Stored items

---

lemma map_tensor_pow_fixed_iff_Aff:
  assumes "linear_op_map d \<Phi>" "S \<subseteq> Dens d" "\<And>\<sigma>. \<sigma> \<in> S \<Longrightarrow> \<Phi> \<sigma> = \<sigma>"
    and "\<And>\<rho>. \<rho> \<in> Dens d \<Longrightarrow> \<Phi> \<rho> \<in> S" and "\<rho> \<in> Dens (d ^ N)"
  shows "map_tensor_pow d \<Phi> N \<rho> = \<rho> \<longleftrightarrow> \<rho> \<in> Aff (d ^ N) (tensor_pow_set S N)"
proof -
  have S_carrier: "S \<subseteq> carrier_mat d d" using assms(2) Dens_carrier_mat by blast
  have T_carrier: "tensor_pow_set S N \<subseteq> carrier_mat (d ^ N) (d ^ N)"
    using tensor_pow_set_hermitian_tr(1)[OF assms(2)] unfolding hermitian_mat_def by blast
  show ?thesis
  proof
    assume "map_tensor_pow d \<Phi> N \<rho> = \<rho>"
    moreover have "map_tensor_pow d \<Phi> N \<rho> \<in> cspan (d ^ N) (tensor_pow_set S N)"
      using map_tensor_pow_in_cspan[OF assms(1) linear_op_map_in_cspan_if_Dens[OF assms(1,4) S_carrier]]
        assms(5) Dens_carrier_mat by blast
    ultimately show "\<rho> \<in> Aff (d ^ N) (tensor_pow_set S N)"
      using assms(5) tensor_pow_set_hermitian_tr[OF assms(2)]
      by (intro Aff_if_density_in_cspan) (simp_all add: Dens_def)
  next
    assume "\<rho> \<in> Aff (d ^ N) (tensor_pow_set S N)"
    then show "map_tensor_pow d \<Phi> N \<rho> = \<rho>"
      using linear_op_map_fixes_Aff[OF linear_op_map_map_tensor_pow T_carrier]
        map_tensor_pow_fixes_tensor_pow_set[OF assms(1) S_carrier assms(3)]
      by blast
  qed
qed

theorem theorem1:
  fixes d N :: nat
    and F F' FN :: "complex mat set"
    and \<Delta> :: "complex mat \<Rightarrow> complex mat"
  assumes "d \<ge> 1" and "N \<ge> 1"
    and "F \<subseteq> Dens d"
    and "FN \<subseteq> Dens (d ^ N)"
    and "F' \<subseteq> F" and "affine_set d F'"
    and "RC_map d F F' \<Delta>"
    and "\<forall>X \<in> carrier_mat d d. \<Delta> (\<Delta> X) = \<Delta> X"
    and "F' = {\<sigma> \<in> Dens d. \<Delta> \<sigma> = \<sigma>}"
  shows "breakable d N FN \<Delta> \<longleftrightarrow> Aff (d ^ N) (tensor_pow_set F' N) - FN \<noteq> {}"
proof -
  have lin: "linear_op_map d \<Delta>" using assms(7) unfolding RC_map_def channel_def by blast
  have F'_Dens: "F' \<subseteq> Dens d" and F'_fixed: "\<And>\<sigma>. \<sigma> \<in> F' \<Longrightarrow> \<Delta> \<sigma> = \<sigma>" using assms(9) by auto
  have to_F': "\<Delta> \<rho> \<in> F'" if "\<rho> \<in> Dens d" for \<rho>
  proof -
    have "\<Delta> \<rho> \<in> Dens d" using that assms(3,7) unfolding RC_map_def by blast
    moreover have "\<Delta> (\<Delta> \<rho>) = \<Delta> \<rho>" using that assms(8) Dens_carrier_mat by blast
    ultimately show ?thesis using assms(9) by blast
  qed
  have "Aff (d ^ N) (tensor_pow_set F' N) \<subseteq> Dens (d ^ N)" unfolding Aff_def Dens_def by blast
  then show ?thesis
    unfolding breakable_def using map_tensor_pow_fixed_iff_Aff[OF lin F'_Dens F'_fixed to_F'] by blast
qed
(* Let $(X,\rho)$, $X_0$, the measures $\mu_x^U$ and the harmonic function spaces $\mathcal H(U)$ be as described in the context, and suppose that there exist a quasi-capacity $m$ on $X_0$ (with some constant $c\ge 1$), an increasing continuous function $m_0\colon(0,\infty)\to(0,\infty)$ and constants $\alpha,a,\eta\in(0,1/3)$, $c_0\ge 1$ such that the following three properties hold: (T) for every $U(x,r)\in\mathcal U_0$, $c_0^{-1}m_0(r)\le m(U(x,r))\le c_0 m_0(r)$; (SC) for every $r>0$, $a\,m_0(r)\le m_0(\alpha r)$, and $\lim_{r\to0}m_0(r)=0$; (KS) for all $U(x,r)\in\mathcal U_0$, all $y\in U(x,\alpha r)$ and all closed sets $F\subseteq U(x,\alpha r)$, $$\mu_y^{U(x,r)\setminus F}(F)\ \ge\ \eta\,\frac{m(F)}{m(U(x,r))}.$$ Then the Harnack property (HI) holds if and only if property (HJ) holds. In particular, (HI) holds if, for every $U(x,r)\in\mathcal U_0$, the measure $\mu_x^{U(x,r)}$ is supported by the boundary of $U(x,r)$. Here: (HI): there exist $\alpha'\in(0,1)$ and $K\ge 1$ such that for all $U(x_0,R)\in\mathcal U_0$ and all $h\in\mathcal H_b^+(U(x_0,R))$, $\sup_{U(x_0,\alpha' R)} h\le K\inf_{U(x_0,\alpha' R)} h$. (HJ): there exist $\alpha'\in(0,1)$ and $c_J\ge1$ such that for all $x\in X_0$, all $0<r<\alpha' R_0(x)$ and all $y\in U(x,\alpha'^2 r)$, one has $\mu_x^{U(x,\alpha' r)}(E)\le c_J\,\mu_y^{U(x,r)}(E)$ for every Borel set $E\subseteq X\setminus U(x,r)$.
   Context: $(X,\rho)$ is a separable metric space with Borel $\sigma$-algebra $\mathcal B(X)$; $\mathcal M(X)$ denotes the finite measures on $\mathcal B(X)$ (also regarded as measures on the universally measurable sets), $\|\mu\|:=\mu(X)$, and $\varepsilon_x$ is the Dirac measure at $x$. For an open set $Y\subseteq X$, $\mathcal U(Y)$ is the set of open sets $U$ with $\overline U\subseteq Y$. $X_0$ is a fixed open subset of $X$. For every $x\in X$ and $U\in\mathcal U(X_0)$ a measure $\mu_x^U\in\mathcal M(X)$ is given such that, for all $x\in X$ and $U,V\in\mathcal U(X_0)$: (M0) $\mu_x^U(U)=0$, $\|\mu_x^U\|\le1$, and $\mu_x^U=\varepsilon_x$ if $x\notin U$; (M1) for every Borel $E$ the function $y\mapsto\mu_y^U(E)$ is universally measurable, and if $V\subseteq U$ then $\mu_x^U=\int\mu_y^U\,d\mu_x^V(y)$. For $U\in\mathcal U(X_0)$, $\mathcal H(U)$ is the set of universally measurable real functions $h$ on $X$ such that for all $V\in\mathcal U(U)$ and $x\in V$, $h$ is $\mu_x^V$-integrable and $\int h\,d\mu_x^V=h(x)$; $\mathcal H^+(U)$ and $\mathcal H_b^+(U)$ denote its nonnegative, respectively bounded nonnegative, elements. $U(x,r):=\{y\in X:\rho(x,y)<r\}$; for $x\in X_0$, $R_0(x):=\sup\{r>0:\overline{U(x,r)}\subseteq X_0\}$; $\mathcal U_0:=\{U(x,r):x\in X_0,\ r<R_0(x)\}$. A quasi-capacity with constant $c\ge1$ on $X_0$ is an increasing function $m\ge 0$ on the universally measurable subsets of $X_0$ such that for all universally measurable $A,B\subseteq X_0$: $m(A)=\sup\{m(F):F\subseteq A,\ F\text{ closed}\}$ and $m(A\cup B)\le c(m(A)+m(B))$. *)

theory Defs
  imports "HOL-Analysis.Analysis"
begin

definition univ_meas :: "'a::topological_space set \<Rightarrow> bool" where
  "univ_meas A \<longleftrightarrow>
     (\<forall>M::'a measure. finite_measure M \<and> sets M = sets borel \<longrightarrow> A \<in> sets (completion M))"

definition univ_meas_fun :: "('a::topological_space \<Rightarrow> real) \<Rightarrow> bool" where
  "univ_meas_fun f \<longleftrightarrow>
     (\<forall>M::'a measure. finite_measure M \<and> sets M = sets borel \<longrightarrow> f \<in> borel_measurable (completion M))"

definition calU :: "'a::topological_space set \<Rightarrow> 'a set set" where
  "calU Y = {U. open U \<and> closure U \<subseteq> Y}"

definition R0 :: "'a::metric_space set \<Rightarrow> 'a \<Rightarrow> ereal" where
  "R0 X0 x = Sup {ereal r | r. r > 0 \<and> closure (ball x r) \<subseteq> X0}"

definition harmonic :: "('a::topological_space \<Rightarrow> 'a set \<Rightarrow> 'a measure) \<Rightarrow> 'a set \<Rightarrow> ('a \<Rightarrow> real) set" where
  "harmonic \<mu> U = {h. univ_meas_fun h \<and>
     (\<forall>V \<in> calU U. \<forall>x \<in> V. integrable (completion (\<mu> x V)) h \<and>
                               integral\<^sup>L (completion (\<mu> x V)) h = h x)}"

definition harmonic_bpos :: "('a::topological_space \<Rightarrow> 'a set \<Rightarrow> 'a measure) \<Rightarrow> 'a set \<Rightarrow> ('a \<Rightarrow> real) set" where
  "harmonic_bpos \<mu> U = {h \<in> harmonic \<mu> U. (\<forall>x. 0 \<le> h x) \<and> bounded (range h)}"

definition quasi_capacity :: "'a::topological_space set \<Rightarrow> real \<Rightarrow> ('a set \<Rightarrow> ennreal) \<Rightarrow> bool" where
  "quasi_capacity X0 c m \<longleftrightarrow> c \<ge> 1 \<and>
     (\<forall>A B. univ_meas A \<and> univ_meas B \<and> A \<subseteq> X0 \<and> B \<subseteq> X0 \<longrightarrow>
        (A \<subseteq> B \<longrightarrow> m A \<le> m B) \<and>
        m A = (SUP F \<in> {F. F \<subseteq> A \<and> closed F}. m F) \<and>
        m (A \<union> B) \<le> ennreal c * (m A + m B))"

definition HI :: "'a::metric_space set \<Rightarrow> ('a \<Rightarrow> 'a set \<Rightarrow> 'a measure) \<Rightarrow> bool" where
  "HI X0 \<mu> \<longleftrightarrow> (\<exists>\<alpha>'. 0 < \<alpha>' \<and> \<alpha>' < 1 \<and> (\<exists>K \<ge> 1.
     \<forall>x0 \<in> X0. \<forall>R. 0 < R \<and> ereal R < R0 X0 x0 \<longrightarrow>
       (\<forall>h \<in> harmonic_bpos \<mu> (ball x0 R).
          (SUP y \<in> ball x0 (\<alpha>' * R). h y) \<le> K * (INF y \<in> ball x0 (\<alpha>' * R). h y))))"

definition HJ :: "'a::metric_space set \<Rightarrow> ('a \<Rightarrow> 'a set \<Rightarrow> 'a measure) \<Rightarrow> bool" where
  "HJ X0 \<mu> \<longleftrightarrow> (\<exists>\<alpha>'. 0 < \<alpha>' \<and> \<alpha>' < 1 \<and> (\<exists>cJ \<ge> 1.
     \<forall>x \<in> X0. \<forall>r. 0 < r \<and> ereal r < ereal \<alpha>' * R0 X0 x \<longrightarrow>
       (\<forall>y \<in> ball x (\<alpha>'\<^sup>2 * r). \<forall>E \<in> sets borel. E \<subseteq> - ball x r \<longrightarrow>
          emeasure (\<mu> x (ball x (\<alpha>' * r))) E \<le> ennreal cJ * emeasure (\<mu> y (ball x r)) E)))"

---

EXERCISE DETAILS - An exact copy of the lines above, from the one containing "set \<Rightarrow> 'a \<Rightarrow>" through the one containing "(\<forall>y \<in> ball", is the whole of the answer.

EXPECTED OUTPUT -
definition R0 :: "'a::metric_space set \<Rightarrow> 'a \<Rightarrow> ereal" where
  "R0 X0 x = Sup {ereal r | r. r > 0 \<and> closure (ball x r) \<subseteq> X0}"

definition harmonic :: "('a::topological_space \<Rightarrow> 'a set \<Rightarrow> 'a measure) \<Rightarrow> 'a set \<Rightarrow> ('a \<Rightarrow> real) set" where
  "harmonic \<mu> U = {h. univ_meas_fun h \<and>
     (\<forall>V \<in> calU U. \<forall>x \<in> V. integrable (completion (\<mu> x V)) h \<and>
                               integral\<^sup>L (completion (\<mu> x V)) h = h x)}"

definition harmonic_bpos :: "('a::topological_space \<Rightarrow> 'a set \<Rightarrow> 'a measure) \<Rightarrow> 'a set \<Rightarrow> ('a \<Rightarrow> real) set" where
  "harmonic_bpos \<mu> U = {h \<in> harmonic \<mu> U. (\<forall>x. 0 \<le> h x) \<and> bounded (range h)}"

definition quasi_capacity :: "'a::topological_space set \<Rightarrow> real \<Rightarrow> ('a set \<Rightarrow> ennreal) \<Rightarrow> bool" where
  "quasi_capacity X0 c m \<longleftrightarrow> c \<ge> 1 \<and>
     (\<forall>A B. univ_meas A \<and> univ_meas B \<and> A \<subseteq> X0 \<and> B \<subseteq> X0 \<longrightarrow>
        (A \<subseteq> B \<longrightarrow> m A \<le> m B) \<and>
        m A = (SUP F \<in> {F. F \<subseteq> A \<and> closed F}. m F) \<and>
        m (A \<union> B) \<le> ennreal c * (m A + m B))"

definition HI :: "'a::metric_space set \<Rightarrow> ('a \<Rightarrow> 'a set \<Rightarrow> 'a measure) \<Rightarrow> bool" where
  "HI X0 \<mu> \<longleftrightarrow> (\<exists>\<alpha>'. 0 < \<alpha>' \<and> \<alpha>' < 1 \<and> (\<exists>K \<ge> 1.
     \<forall>x0 \<in> X0. \<forall>R. 0 < R \<and> ereal R < R0 X0 x0 \<longrightarrow>
       (\<forall>h \<in> harmonic_bpos \<mu> (ball x0 R).
          (SUP y \<in> ball x0 (\<alpha>' * R). h y) \<le> K * (INF y \<in> ball x0 (\<alpha>' * R). h y))))"

definition HJ :: "'a::metric_space set \<Rightarrow> ('a \<Rightarrow> 'a set \<Rightarrow> 'a measure) \<Rightarrow> bool" where
  "HJ X0 \<mu> \<longleftrightarrow> (\<exists>\<alpha>'. 0 < \<alpha>' \<and> \<alpha>' < 1 \<and> (\<exists>cJ \<ge> 1.
     \<forall>x \<in> X0. \<forall>r. 0 < r \<and> ereal r < ereal \<alpha>' * R0 X0 x \<longrightarrow>
       (\<forall>y \<in> ball x (\<alpha>'\<^sup>2 * r). \<forall>E \<in> sets borel. E \<subseteq> - ball x r \<longrightarrow>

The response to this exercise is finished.